REQUIREMENT -
Filter the records below for the word "open". Keep each line that has it.

Data records:
________

(* Let $m\in\mathbb N$, $p_1,\dots,p_m\in[1,\infty)$ with $1/p=\sum_{k=1}^m1/p_k$. Assume $\omega_1,\dots,\omega_m\in A_\infty$ and $v_{\vec\omega}=\prod_{i=1}^m\omega_i^{p/p_i}\in A_\infty$. Then for every ball $B\subseteq\mathbb R^n$, $$\prod_{i=1}^m\Big(\int_B\omega_i(x)\,dx\Big)^{p/p_i}\approx\int_Bv_{\vec\omega}(x)\,dx,$$ with implicit constants independent of $B$.
   Context: $A_\infty=\bigcup_{1\le p<\infty}A_p$, the union of the Muckenhoupt weight classes on $\mathbb R^n$. $A\approx B$ means $c^{-1}B\le A\le cB$ for a constant $c>0$. *)

theory Defs
  imports "HOL-Analysis.Analysis"
begin

definition weight :: "('a::euclidean_space \<Rightarrow> real) \<Rightarrow> bool" where
  "weight w \<longleftrightarrow> w \<in> borel_measurable lebesgue \<and> (AE x in lebesgue. 0 < w x)
     \<and> (\<forall>x r. set_integrable lebesgue (cball x r) w)"

definition avg :: "'a::euclidean_space set \<Rightarrow> ('a \<Rightarrow> real) \<Rightarrow> real" where
  "avg B f = (LINT y:B|lebesgue. f y) / measure lebesgue B"

definition A_p :: "real \<Rightarrow> ('a::euclidean_space \<Rightarrow> real) \<Rightarrow> bool" where
  "A_p p w \<longleftrightarrow> weight w \<and>
     (if p = 1 then
        (\<exists>C. \<forall>x r. r > 0 \<longrightarrow> (AE y in lebesgue. y \<in> ball x r \<longrightarrow> avg (ball x r) w \<le> C * w y))
      else
        (\<forall>x r. set_integrable lebesgue (cball x r) (\<lambda>y. w y powr (-1 / (p - 1)))) \<and>
        (\<exists>C. \<forall>x r. r > 0 \<longrightarrow>
           avg (ball x r) w * (avg (ball x r) (\<lambda>y. w y powr (-1 / (p - 1)))) powr (p - 1) \<le> C))"

definition A_infty :: "('a::euclidean_space \<Rightarrow> real) \<Rightarrow> bool" where
  "A_infty w \<longleftrightarrow> (\<exists>p. 1 \<le> p \<and> A_p p w)"

end

theory Submission
  imports Defs
begin

text \<open>Put \<open>\<theta> i = P / p i\<close>, so that the \<open>\<theta> i\<close> are nonnegative with sum 1, and
  \<open>v = (\<Prod>i. \<omega> i powr \<theta> i)\<close>. The bound \<open>\<integral>\<^sub>B v \<le> (\<Prod>i. (\<integral>\<^sub>B \<omega> i) powr \<theta> i)\<close> is Holder's
  inequality and needs no Muckenhoupt condition. Conversely, every \<open>A\<^sub>\<infinity>\<close> weight satisfies the
  reverse Jensen inequality \<open>avg B w \<le> C * exp (avg B (ln w))\<close> on balls (for \<open>A\<^sub>1\<close> directly, for
  \<open>A\<^sub>p\<close> by Jensen's inequality applied to \<open>w powr (-1 / (p - 1))\<close>). Taking the weighted product
  gives \<open>(\<Prod>i. avg B (\<omega> i) powr \<theta> i) \<le> C' * exp (avg B (ln v)) \<le> C' * avg B v\<close>, the last step
  by Jensen's inequality once more.\<close>

lemma set_integrable_const_fmeasurable:
  assumes "B \<in> fmeasurable M"
  shows "set_integrable M B (\<lambda>_. c :: real)"
  using assms unfolding set_integrable_def fmeasurable_def
  by (simp add: integrable_mult_left)

lemma set_integrable_sum:
  fixes f :: "'i \<Rightarrow> 'a \<Rightarrow> real"
  assumes "\<And>i. i \<in> I \<Longrightarrow> set_integrable M B (f i)"
  shows "set_integrable M B (\<lambda>y. \<Sum>i\<in>I. f i y)"
  using assms unfolding set_integrable_def by (simp add: sum_distrib_left)

lemma set_integral_sum:
  fixes f :: "'i \<Rightarrow> 'a \<Rightarrow> real"
  assumes "\<And>i. i \<in> I \<Longrightarrow> set_integrable M B (f i)"
  shows "(LINT y:B|M. \<Sum>i\<in>I. f i y) = (\<Sum>i\<in>I. LINT y:B|M. f i y)"
  using assms unfolding set_integrable_def set_lebesgue_integral_def
  by (simp add: sum_distrib_left integral_sum)

lemma set_integral_pos_AE:
  fixes f :: "'a \<Rightarrow> real"
  assumes "B \<in> sets M" "emeasure M B \<noteq> 0" "set_integrable M B f"
    and "AE y in M. y \<in> B \<longrightarrow> 0 < f y"
  shows "0 < (LINT y:B|M. f y)"
proof -
  have nonneg: "AE y in M. 0 \<le> indicator B y *\<^sub>R f y"
    using assms(4) by eventually_elim (auto simp: indicator_def)
  have "(LINT y:B|M. f y) \<noteq> 0"
  proof
    assume "(LINT y:B|M. f y) = 0"
    then have "AE y in M. indicator B y *\<^sub>R f y = 0"
      using integral_nonneg_eq_0_iff_AE[OF assms(3)[unfolded set_integrable_def] nonneg]
      by (simp add: set_lebesgue_integral_def)
    then have "AE y in M. y \<notin> B"
      using assms(4) by eventually_elim (auto simp: indicator_def)
    moreover have "{y \<in> space M. y \<in> B} = B"
      using sets.sets_into_space[OF assms(1)] by blast
    ultimately show False
      using assms(2) AE_iff_measurable[OF assms(1)] by auto
  qed
  moreover have "0 \<le> (LINT y:B|M. f y)"
    unfolding set_lebesgue_integral_def using nonneg by (rule integral_nonneg_AE)
  ultimately show ?thesis by simp
qed

lemma avg_nonneg_AE:
  assumes "AE y in lebesgue. y \<in> B \<longrightarrow> 0 \<le> f y"
  shows "0 \<le> avg B f"
proof -
  have "AE y in lebesgue. 0 \<le> indicator B y *\<^sub>R f y"
    using assms by eventually_elim (auto simp: indicator_def)
  then show ?thesis
    unfolding avg_def set_lebesgue_integral_def by (simp add: integral_nonneg_AE)
qed

lemma avg_const:
  assumes "B \<in> lmeasurable" "0 < measure lebesgue B"
  shows "avg B (\<lambda>_. c) = c"
proof -
  have "emeasure lebesgue B \<noteq> \<infinity>"
    using fmeasurableD2[OF assms(1)] by simp
  then show ?thesis
    using assms set_integral_const[OF fmeasurableD[OF assms(1)], of c] by (simp add: avg_def)
qed

lemma avg_mono_AE:
  assumes "set_integrable lebesgue B f" "set_integrable lebesgue B g"
    and "AE y in lebesgue. y \<in> B \<longrightarrow> f y \<le> g y"
  shows "avg B f \<le> avg B g"
  unfolding avg_def by (intro divide_right_mono set_integral_mono_AE assms) simp

lemma avg_pos_AE:
  assumes "B \<in> lmeasurable" "0 < measure lebesgue B" "set_integrable lebesgue B f"
    and "AE y in lebesgue. y \<in> B \<longrightarrow> 0 < f y"
  shows "0 < avg B f"
proof -
  have "emeasure lebesgue B \<noteq> 0"
    using assms(2) by (auto simp: measure_def)
  then show ?thesis
    using set_integral_pos_AE[OF fmeasurableD[OF assms(1)] _ assms(3,4)] assms(2)
    by (simp add: avg_def)
qed

text \<open>Integrate the tangent line \<open>exp a * (1 + (t - a)) \<le> exp t\<close> at the average \<open>a\<close>.\<close>
lemma exp_avg_le_avg_exp:
  assumes B: "B \<in> lmeasurable" "0 < measure lebesgue B"
    and f: "set_integrable lebesgue B f" "set_integrable lebesgue B (\<lambda>y. exp (f y))"
  shows "exp (avg B f) \<le> avg B (\<lambda>y. exp (f y))"
proof -
  define a where "a = avg B f"
  have tangent_int: "set_integrable lebesgue B (\<lambda>y. exp a * (1 - a) + exp a * f y)"
    using set_integrable_const_fmeasurable[OF B(1)] f(1) by (intro set_integral_add) auto
  have "avg B (\<lambda>y. exp a * (1 - a) + exp a * f y) = avg B (\<lambda>_. exp a * (1 - a)) + exp a * a"
    using set_integrable_const_fmeasurable[OF B(1)] f(1)
    by (simp add: avg_def a_def add_divide_distrib set_integral_add)
  also have "\<dots> = exp a * (1 - a) + exp a * a" using avg_const[OF B] by simp
  also have "\<dots> = exp a" by (simp add: algebra_simps)
  finally have "exp a = avg B (\<lambda>y. exp a * (1 - a) + exp a * f y)" ..
  also have "\<dots> \<le> avg B (\<lambda>y. exp (f y))"
  proof (rule avg_mono_AE[OF tangent_int f(2)], intro AE_I2 impI)
    fix y
    have "exp a * (1 + (f y - a)) \<le> exp a * exp (f y - a)"
      by (intro mult_left_mono exp_ge_add_one_self) auto
    then show "exp a * (1 - a) + exp a * f y \<le> exp (f y)"
      by (simp add: exp_diff algebra_simps)
  qed
  finally show ?thesis unfolding a_def .
qed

________

YOUR RESPONSE -
text \<open>Put \<open>\<theta> i = P / p i\<close>, so that the \<open>\<theta> i\<close> are nonnegative with sum 1, and
  \<open>v = (\<Prod>i. \<omega> i powr \<theta> i)\<close>. The bound \<open>\<integral>\<^sub>B v \<le> (\<Prod>i. (\<integral>\<^sub>B \<omega> i) powr \<theta> i)\<close> is Holder's
  inequality and needs no Muckenhoupt condition. Conversely, every \<open>A\<^sub>\<infinity>\<close> weight satisfies the
  reverse Jensen inequality \<open>avg B w \<le> C * exp (avg B (ln w))\<close> on balls (for \<open>A\<^sub>1\<close> directly, for
  \<open>A\<^sub>p\<close> by Jensen's inequality applied to \<open>w powr (-1 / (p - 1))\<close>). Taking the weighted product
  gives \<open>(\<Prod>i. avg B (\<omega> i) powr \<theta> i) \<le> C' * exp (avg B (ln v)) \<le> C' * avg B v\<close>, the last step
text \<open>Integrate the tangent line \<open>exp a * (1 + (t - a)) \<le> exp t\<close> at the average \<open>a\<close>.\<close>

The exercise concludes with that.